Apply type hints and use built-in generics per coding guidelines.

The hf_param annotation uses Union[str, Dict[str, str]] — should be str | dict[str, str].

The nested helpers has_expert_wildcard and has_resolved_expert lack type hints.

♻️ Proposed fix

`@staticmethod` - def _should_allow_hf_name_mismatch(hf_param: Union[str, Dict[str, str]]) -> bool: + def _should_allow_hf_name_mismatch(hf_param: str | dict[str, str]) -> bool: """Return True when HF params may be synthesized (e.g., expert slices).""" - def has_expert_wildcard(param_name: str) -> bool: + def has_expert_wildcard(param_name: str) -> bool: # noqa: E306 return ".experts.*." in param_name or ".experts.**." in param_name - def has_resolved_expert(param_name: str) -> bool: + def has_resolved_expert(param_name: str) -> bool: return re.search(r"\.experts\.\d+\.", param_name) is not None if isinstance(hf_param, str): return has_expert_wildcard(hf_param) or has_resolved_expert(hf_param) return any(has_expert_wildcard(name) or has_resolved_expert(name) for name in hf_param.values())

As per coding guidelines: "Use type hints for function arguments and return types" and "Use built-in generics (list, dict, tuple) instead of typing equivalents" and "Use 'X | Y' for union types instead of 'Union[X, Y]'".

🤖 Prompt for AI Agents

Verify each finding against the current code and only fix it if needed. In `@src/megatron/bridge/models/conversion/param_mapping.py` around lines 1985 - 1995, Update the _should_allow_hf_name_mismatch signature to use built-in generics and PEP 604 union syntax: change the parameter annotation from Union[str, Dict[str, str]] to str | dict[str, str] and add the return type bool; add type hints to the nested helpers has_expert_wildcard(param_name: str) -> bool and has_resolved_expert(param_name: str) -> bool so all functions in the _should_allow_hf_name_mismatch scope have explicit parameter and return type annotations (keep logic unchanged).

coderabbitai · 2026-02-24T22:38:48Z

src/megatron/bridge/models/glm_moe_dsa/glm5_bridge.py

+import logging
+import re
+from functools import partial
+from typing import Dict, Mapping, Optional, Tuple


🛠️ Refactor suggestion | 🟠 Major

Replace typing generics with built-in equivalents per coding guidelines.

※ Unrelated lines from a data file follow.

lemma trie_lookup_rows_trie:
  assumes "m \<le> n" and "length bs = n"
  shows "trie_lookup (rows_trie M n [n - m..<n]) bs =
    (if card (bits_set bs) = m then per_minor M (n - m) (bits_set bs) else 0)"
  using assms
proof (induction m arbitrary: bs)
  case 0
  then show ?case
    using finite_bits_set[of bs] bits_set_eq_empty_iff[of bs]
    by (auto simp: rows_trie_def per_minor_empty)
next
  case (Suc m)
  define k where "k = n - Suc m"
  define S where "S = bits_set bs"
  define T where "T = rows_trie M n [Suc k..<n]"
  have k: "[n - Suc m..<n] = k # [Suc k..<n]" "n - m = Suc k"
    using Suc.prems by (auto simp: k_def upt_conv_Cons)
  have "trie_lookup (rows_trie M n [n - Suc m..<n]) bs =
      (\<Sum>i<n. if bs ! i then M k i * trie_lookup T (bs[i := False]) else 0)"
    using Suc.prems k by (simp add: rows_trie_def T_def trie_lookup_mult_linear cong: if_cong)
  also have "\<dots> = (\<Sum>i\<in>S. M k i * trie_lookup T (bs[i := False]))"
    using Suc.prems
    by (simp add: S_def bits_set_def sum.inter_filter[symmetric] Collect_conj_eq lessThan_def)
  also have "\<dots> =
      (\<Sum>i\<in>S. M k i * (if card (S - {i}) = m then per_minor M (Suc k) (S - {i}) else 0))"
  proof (intro sum.cong refl)
    fix i assume "i \<in> S"
    then have "i < length bs"
      by (simp add: S_def bits_set_def)
    then show "M k i * trie_lookup T (bs[i := False]) =
        M k i * (if card (S - {i}) = m then per_minor M (Suc k) (S - {i}) else 0)"
      using Suc.IH[of "bs[i := False]"] Suc.prems k
      by (simp add: T_def S_def bits_set_update_False)
  qed
  also have "\<dots> = (if card S = Suc m then per_minor M k S else 0)"
    by (rule per_minor_expand_row_if_card) (simp add: S_def finite_bits_set)
  finally show ?case
    by (simp add: k_def S_def)
qed

lemma per_trie_eq_per: "per_trie n M = per n M"
  using trie_lookup_rows_trie[of n n "replicate n True" M]
  by (simp add: per_trie_def per_eq_per_minor bits_set_replicate_True)

definition graph_of_edges :: "(nat \<times> nat) list \<Rightarrow> nat \<Rightarrow> nat \<Rightarrow> bool" where
  "graph_of_edges es i j \<longleftrightarrow> (i, j) \<in> set es \<or> (j, i) \<in> set es"

lemma simple_graph_of_edges:
  assumes "\<forall>(i, j) \<in> set es. i < n \<and> j < n \<and> i \<noteq> j"
  shows "simple_graph n (graph_of_edges es)"
  using assms unfolding simple_graph_def graph_of_edges_def by blast

definition degree :: "nat \<Rightarrow> (nat \<Rightarrow> nat \<Rightarrow> bool) \<Rightarrow> nat \<Rightarrow> nat" where
  "degree n E i = card {j. j < n \<and> E i j}"

lemma degree_eq_length_filter: "degree n E i = length (filter (E i) [0..<n])"
  by (simp add: degree_def length_filter_conv_card cong: conj_cong)

lemma degree_iso:
  assumes f: "bij_betw f {..<n} {..<n}" and edges: "\<forall>i<n. \<forall>j<n. E i j \<longleftrightarrow> E' (f i) (f j)"
    and "i < n"
  shows "degree n E' (f i) = degree n E i"
proof -
  have surj: "f ` {..<n} = {..<n}" and inj: "inj_on f {..<n}"
    using f by (auto simp: bij_betw_def)
  have "{j. j < n \<and> E' (f i) j} = f ` {j. j < n \<and> E i j}"
  proof (intro equalityI subsetI)
    fix x assume x: "x \<in> {j. j < n \<and> E' (f i) j}"
    then have "x \<in> f ` {..<n}"
      using surj by simp
    then obtain y where y: "y < n" "x = f y"
      by auto
    then have "E i y"
      using x edges[rule_format, OF \<open>i < n\<close> \<open>y < n\<close>] by simp
    with y show "x \<in> f ` {j. j < n \<and> E i j}"
      by auto
  next
    fix x assume "x \<in> f ` {j. j < n \<and> E i j}"
    then obtain y where y: "y < n" "E i y" "x = f y"
      by auto
    then show "x \<in> {j. j < n \<and> E' (f i) j}"
      using surj edges[rule_format, OF \<open>i < n\<close> \<open>y < n\<close>] by auto
  qed
  moreover have "inj_on f {j. j < n \<and> E i j}"
    using inj by (rule inj_on_subset) auto
  ultimately show ?thesis
    by (simp add: degree_def card_image)
qed

definition graph1 :: "nat \<Rightarrow> nat \<Rightarrow> bool" where
  "graph1 = graph_of_edges [(0,3), (0,5), (0,6), (0,7), (1,4), (1,5), (1,7),
                            (2,5), (2,6), (2,7), (3,6), (4,6), (5,7), (6,7)]"

definition graph2 :: "nat \<Rightarrow> nat \<Rightarrow> bool" where
  "graph2 = graph_of_edges [(0,3), (0,5), (0,6), (0,7), (1,4), (1,5), (1,6),
                            (2,5), (2,6), (3,6), (3,7), (4,7), (5,6), (5,7)]"

lemma all_less_iff_list_all_upt: "(\<forall>i<n. P i) \<longleftrightarrow> list_all P [0..<n]"
  by (auto simp: list_all_iff)

lemma ex_less_iff_list_ex_upt: "(\<exists>i<n. P i) \<longleftrightarrow> list_ex P [0..<n]"
  by (auto simp: list_ex_iff)

lemmas graph_eval_simps =
  graph1_def graph2_def graph_of_edges_def degree_eq_length_filter upt_rec
  all_less_iff_list_all_upt ex_less_iff_list_ex_upt

lemma not_graph_iso_graph1_graph2: "\<not> graph_iso 8 graph1 graph2"
proof
  assume "graph_iso 8 graph1 graph2"
  then obtain f where f: "bij_betw f {..<8} {..<8}"
    and edges: "\<forall>i<8. \<forall>j<8. graph1 i j \<longleftrightarrow> graph2 (f i) (f j)"
    unfolding graph_iso_def by blast
  have "2 \<in> f ` {..<8}"
    using f by (simp add: bij_betw_def)
  then obtain u where u: "u < 8" "f u = 2"
    by auto
  have "degree 8 graph2 2 = 2"
    by (simp add: graph_eval_simps)
  then have "degree 8 graph1 u = 2"
    using degree_iso[OF f edges u(1)] u(2) by simp
  moreover have
    "\<forall>u<8. degree 8 graph1 u = 2 \<longrightarrow> (\<exists>w<8. graph1 u w \<and> degree 8 graph1 w \<noteq> 5)"
    by (simp add: graph_eval_simps)
  ultimately obtain w where w: "w < 8" "graph1 u w" "degree 8 graph1 w \<noteq> 5"
    using u(1) by blast
  have "graph2 2 (f w)" "f w < 8"
    using edges u w f by (auto simp: bij_betw_def)
  moreover have "\<forall>v<8. graph2 2 v \<longrightarrow> degree 8 graph2 v = 5"
    by (simp add: graph_eval_simps)
  ultimately show False
    using degree_iso[OF f edges w(1)] w(3) by simp
qed

lemma perm_poly_graph1_eq_graph2: "perm_poly 8 graph1 = perm_poly 8 graph2"
  unfolding perm_poly_def per_trie_eq_per[symmetric]
  by (simp add: per_trie_def rows_trie_def graph1_def graph2_def graph_of_edges_def upt_rec
      ind_def var_x_def var_lambda_def one_pCons)

theorem mainTheorem1:
  shows "\<exists>E1 E2. simple_graph 8 E1 \<and> simple_graph 8 E2 \<and> \<not> graph_iso 8 E1 E2
                 \<and> perm_poly 8 E1 = perm_poly 8 E2"
proof (intro exI conjI)
  show "simple_graph 8 graph1" "simple_graph 8 graph2"
    unfolding graph1_def graph2_def by (simp_all add: simple_graph_of_edges)
  show "\<not> graph_iso 8 graph1 graph2"
    by (rule not_graph_iso_graph1_graph2)
  show "perm_poly 8 graph1 = perm_poly 8 graph2"
    by (rule perm_poly_graph1_eq_graph2)
qed

end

Dict, Optional, and Tuple from typing should be dict, X | None, and tuple respectively (Python 3.10+).

♻️ Proposed fix

-from typing import Dict, Mapping, Optional, Tuple +from collections.abc import Mapping +from typing import Optional, Tuple # remove once all usages are updated

Then update method signatures throughout the file, e.g.:

-> Dict[str, torch.Tensor] → -> dict[str, torch.Tensor]

Optional[torch.Tensor] → torch.Tensor | None

Tuple[str, int, Optional[str]] → tuple[str, int, str | None]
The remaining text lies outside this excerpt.